Automating the migration process
SQL Compare is typical of database synchronization tools in that it determines the difference between two databases and generates a deployment script to update the target database from one state to another. This works well for the majority of deployments. SQL Compare will compare a backup or set of build scripts as well as a live database.
Where you have written a migration script on the ‘Migrations’ tab in SQL Source Control, and have run it on your development database, you can include it in the 'Commit changes' tab as a change to commit. When you commit, it's committed to source control within a table-valued function (TVF). This TVF will also be deployed to the target and acts as an information store tracking which migration scripts have already been applied.
When SQL Compare builds a deployment script, it examines the source TVF and the target TVF. It then takes the migration scripts that exist in the source that haven't yet been applied to the target. Those scripts are run as pre-deployment scripts to supplement SQL Compare's own automated script generation. When the changes are deployed, the Compare engine first runs the specific migration scripts that are required, then completes the deployment using the automated comparison method.

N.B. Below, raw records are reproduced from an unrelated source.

lemma is_functor_Sigma_fun:
  assumes C: "is_category C"
  shows "is_functor (slice C A) C (Sigma_fun C A)"
  unfolding is_functor_def Ball_Arr_slice
  using C by (auto dest: slice_arrD intro: Comp_slice_in_Arr Id_slice_in_Arr
      simp: Sigma_fun_def Dom_slice Cod_slice Comp_slice Id_slice Obj_slice cat_Dom_in_Obj)

lemma ptd_hom_Sigma_fun:
  assumes "is_ptd_cat A C"
  shows "ptd_hom (Id C A) (slice C A) A C (Sigma_fun C A, Id C A)"
  using assms is_tptd_cat_slice[OF assms]
  by (auto simp: ptd_hom_def is_functor_Sigma_fun is_tptd_cat_def is_ptd_cat_def Obj_slice
      FObj_Sigma_fun cat_Id_in_Arr cat_Dom_Id cat_Cod_Id)

lemma slice_arr_eqI:
  assumes "t \<in> Arr (slice C A)" "t' \<in> Arr (slice C A)"
    and "Dom (slice C A) t = Dom (slice C A) t'" "Cod (slice C A) t = Cod (slice C A) t'"
    and "FArr (Sigma_fun C A) t = FArr (Sigma_fun C A) t'"
  shows "t = t'"
  using assms by (cases t rule: prod_cases3; cases t' rule: prod_cases3)
    (simp add: Dom_slice Cod_slice FArr_Sigma_fun)

lemma slice_functor_eqI:
  assumes C: "is_category C" and D: "is_category D" and T: "is_terminal D T"
    and G: "is_functor D (slice C A) G" and G': "is_functor D (slice C A) G'"
    and Sigma: "fcomp D (Sigma_fun C A) G = fcomp D (Sigma_fun C A) G'"
    and at_T: "FObj G T = FObj G' T"
  shows "G = G'"
proof -
  have Sigma_FArr: "FArr (Sigma_fun C A) (FArr G f) = FArr (Sigma_fun C A) (FArr G' f)"
    if "f \<in> Arr D" for f
    using arg_cong[OF Sigma, of "\<lambda>H. FArr H f"] that by (simp add: FArr_fcomp)
  have FObj_eq: "FObj G X = FObj G' X" if X: "X \<in> Obj D" for X
  proof -
    let ?t = "terminal_arrow D T X"
    have t: "?t \<in> Arr D" "Dom D ?t = X" "Cod D ?t = T"
      using terminal_arrow[OF T X] by auto
    have "FObj G X = Comp C (FObj G T) (FArr (Sigma_fun C A) (FArr G ?t))"
      using Comp_Cod_FArr_Sigma_fun[OF functor_FArr_in_Arr[OF G t(1)]]
      by (simp add: t functor_Dom_FArr[OF G] functor_Cod_FArr[OF G])
    also have "\<dots> = FObj G' X"
      using Comp_Cod_FArr_Sigma_fun[OF functor_FArr_in_Arr[OF G' t(1)]]
      by (simp add: t at_T Sigma_FArr functor_Dom_FArr[OF G'] functor_Cod_FArr[OF G'])
    finally show ?thesis .
  qed
  have FArr_eq: "FArr G f = FArr G' f" if f: "f \<in> Arr D" for f
    using f D by (intro slice_arr_eqI[where C = C and A = A])
      (simp_all add: Sigma_FArr FObj_eq cat_Dom_in_Obj cat_Cod_in_Obj functor_FArr_in_Arr[OF G]
        functor_FArr_in_Arr[OF G'] functor_Dom_FArr[OF G] functor_Dom_FArr[OF G']
        functor_Cod_FArr[OF G] functor_Cod_FArr[OF G'])
  show ?thesis
    using G G' FObj_eq FArr_eq by (rule functor_eqI)
qed

subsection \<open>The lift of a morphism out of a terminally pointed category\<close>

definition slice_lift_obj :: "('p, 'b) cat \<Rightarrow> 'p \<Rightarrow> ('p, 'b, 'o, 'a) ftor \<Rightarrow> ('o, 'a) cat
                              \<Rightarrow> 'a \<Rightarrow> 'p \<Rightarrow> 'a" where
  "slice_lift_obj D T F C \<alpha> X = Comp C \<alpha> (FArr F (terminal_arrow D T X))"

definition slice_lift :: "('p, 'b) cat \<Rightarrow> 'p \<Rightarrow> ('p, 'b, 'o, 'a) ftor \<Rightarrow> ('o, 'a) cat
                          \<Rightarrow> 'a \<Rightarrow> ('p, 'b, 'a, 'a \<times> 'a \<times> 'a) ftor" where
  "slice_lift D T F C \<alpha> =
     \<lparr> FObj = (\<lambda>X. if X \<in> Obj D then slice_lift_obj D T F C \<alpha> X else undefined),
       FArr = (\<lambda>f. if f \<in> Arr D
                   then (slice_lift_obj D T F C \<alpha> (Dom D f), FArr F f,
                         slice_lift_obj D T F C \<alpha> (Cod D f))
                   else undefined) \<rparr>"

context
  fixes C :: "('o, 'a) cat" and A :: 'o and D :: "('p, 'b) cat" and T :: 'p
    and F :: "('p, 'b, 'o, 'a) ftor" and \<alpha> :: 'a
  assumes T: "is_tptd_cat T D" and F\<alpha>: "ptd_hom T D A C (F, \<alpha>)"
begin

private lemma
  shows C: "is_category C" and A: "A \<in> Obj C" and ptd_C: "is_ptd_cat A C"
    and D: "is_category D" and terminal: "is_terminal D T" and T_Obj: "T \<in> Obj D"
    and F: "is_functor D C F" and \<alpha>: "\<alpha> \<in> Arr C" "Dom C \<alpha> = FObj F T" "Cod C \<alpha> = A"
  using T F\<alpha> by (auto simp: is_tptd_cat_def is_ptd_cat_def ptd_hom_def)

private abbreviation "lift_obj \<equiv> slice_lift_obj D T F C \<alpha>"

lemma slice_lift_obj_in_Obj:
  assumes "X \<in> Obj D"
  shows "lift_obj X \<in> Obj (slice C A)" "Dom C (lift_obj X) = FObj F X"
  using assms terminal_arrow[OF terminal assms] \<alpha>
  by (simp_all add: slice_lift_obj_def Obj_slice cat_Comp_in_Arr[OF C] cat_Cod_Comp[OF C]
      cat_Dom_Comp[OF C] functor_FArr_in_Arr[OF F] functor_Dom_FArr[OF F] functor_Cod_FArr[OF F])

Difficult changes can be fixed with a migration script by the developer when they make the change, rather than having to be fixed by a database administrator later. This is especially useful for automated deployment, because database administrators don't have to manually review and edit scripts; migration scripts will cover the changes automatically.
Although much of the chore of synchronizing databases for a deployment can be done using a tool such as SQL Compare, there are times when a step has to be done by hand, either because it is a large table, or it isn't unambiguously obvious how the existing data should be placed in the target revision of the database, in such a way as to be sure of preserving it.
For the automated deployment of databases, hand-crafted SQL migration scripts will occasionally have a place, and will be stored in version control to run before any automated process for deploying changes to the database. They should be written so that, if it is run at the wrong time, or run repeatedly, it will have no effect. Guard Clauses are a good way of ensuring that Murphy's law will have no consequences.